Extracted information
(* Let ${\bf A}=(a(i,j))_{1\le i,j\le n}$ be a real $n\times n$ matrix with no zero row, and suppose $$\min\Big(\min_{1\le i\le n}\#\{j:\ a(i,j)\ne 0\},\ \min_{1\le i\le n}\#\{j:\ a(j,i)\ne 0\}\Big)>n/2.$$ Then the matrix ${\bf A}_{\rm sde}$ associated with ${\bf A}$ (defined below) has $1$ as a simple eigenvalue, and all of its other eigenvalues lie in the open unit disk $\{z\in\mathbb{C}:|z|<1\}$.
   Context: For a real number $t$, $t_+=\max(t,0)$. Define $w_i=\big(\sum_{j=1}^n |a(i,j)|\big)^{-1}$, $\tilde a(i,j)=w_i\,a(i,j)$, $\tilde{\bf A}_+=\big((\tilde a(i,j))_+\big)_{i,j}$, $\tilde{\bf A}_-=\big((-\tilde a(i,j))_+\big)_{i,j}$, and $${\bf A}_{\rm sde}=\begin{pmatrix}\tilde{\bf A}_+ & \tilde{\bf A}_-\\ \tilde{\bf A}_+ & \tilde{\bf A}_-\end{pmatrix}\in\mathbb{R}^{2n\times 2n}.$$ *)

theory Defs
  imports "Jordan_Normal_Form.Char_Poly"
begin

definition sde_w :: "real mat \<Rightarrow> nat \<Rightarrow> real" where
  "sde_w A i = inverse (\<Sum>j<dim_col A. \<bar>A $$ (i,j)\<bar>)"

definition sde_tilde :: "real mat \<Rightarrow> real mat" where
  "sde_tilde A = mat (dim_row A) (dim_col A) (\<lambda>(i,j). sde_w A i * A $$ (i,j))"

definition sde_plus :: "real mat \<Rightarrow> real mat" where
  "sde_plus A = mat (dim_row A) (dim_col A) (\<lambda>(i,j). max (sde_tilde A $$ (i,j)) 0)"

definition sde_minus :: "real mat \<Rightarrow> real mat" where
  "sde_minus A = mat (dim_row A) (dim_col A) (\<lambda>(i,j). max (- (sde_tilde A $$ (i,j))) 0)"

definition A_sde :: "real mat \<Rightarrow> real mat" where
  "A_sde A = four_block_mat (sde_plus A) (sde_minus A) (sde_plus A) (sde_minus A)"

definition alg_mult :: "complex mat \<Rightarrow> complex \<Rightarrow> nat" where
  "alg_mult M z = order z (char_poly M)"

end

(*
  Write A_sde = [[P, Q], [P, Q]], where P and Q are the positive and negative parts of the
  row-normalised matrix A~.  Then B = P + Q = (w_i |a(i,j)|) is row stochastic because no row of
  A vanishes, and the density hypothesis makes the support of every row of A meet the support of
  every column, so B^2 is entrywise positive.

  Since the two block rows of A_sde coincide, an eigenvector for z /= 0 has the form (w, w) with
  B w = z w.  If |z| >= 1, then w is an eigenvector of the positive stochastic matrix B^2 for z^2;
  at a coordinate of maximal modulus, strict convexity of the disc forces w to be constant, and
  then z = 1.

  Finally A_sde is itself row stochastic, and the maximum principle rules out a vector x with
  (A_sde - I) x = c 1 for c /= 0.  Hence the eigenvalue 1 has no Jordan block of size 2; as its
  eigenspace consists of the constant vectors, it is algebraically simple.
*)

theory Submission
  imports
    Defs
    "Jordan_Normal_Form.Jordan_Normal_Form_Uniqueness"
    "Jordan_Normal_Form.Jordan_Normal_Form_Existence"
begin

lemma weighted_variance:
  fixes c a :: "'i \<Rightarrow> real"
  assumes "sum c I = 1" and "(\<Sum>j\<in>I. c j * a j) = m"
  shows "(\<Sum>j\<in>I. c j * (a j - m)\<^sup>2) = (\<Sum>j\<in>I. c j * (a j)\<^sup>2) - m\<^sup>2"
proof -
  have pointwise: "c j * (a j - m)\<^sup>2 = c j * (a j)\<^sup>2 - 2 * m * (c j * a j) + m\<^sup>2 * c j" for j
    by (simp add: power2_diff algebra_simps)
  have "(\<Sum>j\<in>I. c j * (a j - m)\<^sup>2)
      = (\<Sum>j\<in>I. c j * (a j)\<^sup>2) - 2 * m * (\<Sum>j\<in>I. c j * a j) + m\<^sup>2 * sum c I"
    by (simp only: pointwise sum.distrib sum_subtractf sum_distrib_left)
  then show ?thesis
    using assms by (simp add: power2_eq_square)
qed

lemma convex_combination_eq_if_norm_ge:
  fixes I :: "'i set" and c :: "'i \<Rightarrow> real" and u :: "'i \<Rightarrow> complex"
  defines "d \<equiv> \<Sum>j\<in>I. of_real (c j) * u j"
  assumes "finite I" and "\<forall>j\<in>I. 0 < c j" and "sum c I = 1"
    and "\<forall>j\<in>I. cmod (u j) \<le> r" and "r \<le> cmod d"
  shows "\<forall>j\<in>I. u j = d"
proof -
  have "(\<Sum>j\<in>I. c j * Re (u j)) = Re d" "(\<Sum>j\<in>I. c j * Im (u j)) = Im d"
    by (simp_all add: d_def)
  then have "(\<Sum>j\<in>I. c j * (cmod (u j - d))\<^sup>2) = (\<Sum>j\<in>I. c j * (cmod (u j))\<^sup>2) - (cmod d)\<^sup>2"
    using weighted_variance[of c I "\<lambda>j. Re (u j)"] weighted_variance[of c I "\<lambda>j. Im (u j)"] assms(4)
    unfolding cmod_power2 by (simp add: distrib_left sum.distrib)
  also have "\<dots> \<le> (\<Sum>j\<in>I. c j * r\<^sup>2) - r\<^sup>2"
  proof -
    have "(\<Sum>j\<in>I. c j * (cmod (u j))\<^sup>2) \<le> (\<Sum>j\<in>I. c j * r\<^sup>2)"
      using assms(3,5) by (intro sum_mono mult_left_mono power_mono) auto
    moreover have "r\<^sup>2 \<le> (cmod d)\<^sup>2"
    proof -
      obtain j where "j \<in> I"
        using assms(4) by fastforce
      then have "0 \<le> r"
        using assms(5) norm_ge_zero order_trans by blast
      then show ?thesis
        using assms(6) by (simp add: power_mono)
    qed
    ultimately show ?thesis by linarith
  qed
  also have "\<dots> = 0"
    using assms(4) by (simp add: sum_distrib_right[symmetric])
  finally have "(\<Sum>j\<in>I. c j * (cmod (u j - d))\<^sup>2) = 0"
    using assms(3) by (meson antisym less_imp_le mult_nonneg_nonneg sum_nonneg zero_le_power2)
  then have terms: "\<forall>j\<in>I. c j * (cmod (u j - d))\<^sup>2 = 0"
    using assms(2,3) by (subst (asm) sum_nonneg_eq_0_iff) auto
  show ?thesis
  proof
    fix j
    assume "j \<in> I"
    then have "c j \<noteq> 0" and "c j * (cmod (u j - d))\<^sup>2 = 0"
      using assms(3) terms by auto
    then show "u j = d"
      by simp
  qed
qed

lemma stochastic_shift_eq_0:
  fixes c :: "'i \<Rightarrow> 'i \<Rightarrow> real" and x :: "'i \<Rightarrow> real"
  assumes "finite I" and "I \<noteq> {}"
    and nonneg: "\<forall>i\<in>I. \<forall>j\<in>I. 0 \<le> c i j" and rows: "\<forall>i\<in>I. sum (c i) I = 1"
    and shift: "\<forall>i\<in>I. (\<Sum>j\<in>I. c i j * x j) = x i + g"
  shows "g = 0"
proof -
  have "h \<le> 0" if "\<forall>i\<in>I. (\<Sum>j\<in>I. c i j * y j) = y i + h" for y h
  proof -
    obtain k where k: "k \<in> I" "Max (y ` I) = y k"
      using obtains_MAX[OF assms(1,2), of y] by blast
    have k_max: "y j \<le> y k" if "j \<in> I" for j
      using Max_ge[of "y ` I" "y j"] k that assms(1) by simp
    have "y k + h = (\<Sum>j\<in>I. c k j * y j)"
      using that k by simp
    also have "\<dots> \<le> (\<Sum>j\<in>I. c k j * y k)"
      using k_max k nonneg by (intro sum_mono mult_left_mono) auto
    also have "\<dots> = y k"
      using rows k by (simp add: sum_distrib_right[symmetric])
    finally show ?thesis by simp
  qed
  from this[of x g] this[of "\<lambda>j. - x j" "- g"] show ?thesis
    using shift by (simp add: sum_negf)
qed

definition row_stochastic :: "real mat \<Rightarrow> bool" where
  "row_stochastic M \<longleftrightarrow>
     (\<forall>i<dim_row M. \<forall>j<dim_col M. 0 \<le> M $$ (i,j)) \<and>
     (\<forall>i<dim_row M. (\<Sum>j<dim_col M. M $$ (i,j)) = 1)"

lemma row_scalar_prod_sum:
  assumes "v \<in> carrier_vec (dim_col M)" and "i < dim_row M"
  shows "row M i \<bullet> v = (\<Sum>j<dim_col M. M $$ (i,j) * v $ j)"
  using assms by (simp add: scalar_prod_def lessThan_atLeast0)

Your instructions
Could you retype exactly the lines above, starting at the line that contains "j)\<^sup>2) - 2" and ending at the line that contains "(u j))\<^sup>2) \<le>", and nothing more?

Task answer
      = (\<Sum>j\<in>I. c j * (a j)\<^sup>2) - 2 * m * (\<Sum>j\<in>I. c j * a j) + m\<^sup>2 * sum c I"
    by (simp only: pointwise sum.distrib sum_subtractf sum_distrib_left)
  then show ?thesis
    using assms by (simp add: power2_eq_square)
qed

lemma convex_combination_eq_if_norm_ge:
  fixes I :: "'i set" and c :: "'i \<Rightarrow> real" and u :: "'i \<Rightarrow> complex"
  defines "d \<equiv> \<Sum>j\<in>I. of_real (c j) * u j"
  assumes "finite I" and "\<forall>j\<in>I. 0 < c j" and "sum c I = 1"
    and "\<forall>j\<in>I. cmod (u j) \<le> r" and "r \<le> cmod d"
  shows "\<forall>j\<in>I. u j = d"
proof -
  have "(\<Sum>j\<in>I. c j * Re (u j)) = Re d" "(\<Sum>j\<in>I. c j * Im (u j)) = Im d"
    by (simp_all add: d_def)
  then have "(\<Sum>j\<in>I. c j * (cmod (u j - d))\<^sup>2) = (\<Sum>j\<in>I. c j * (cmod (u j))\<^sup>2) - (cmod d)\<^sup>2"
    using weighted_variance[of c I "\<lambda>j. Re (u j)"] weighted_variance[of c I "\<lambda>j. Im (u j)"] assms(4)
    unfolding cmod_power2 by (simp add: distrib_left sum.distrib)
  also have "\<dots> \<le> (\<Sum>j\<in>I. c j * r\<^sup>2) - r\<^sup>2"
  proof -
    have "(\<Sum>j\<in>I. c j * (cmod (u j))\<^sup>2) \<le> (\<Sum>j\<in>I. c j * r\<^sup>2)"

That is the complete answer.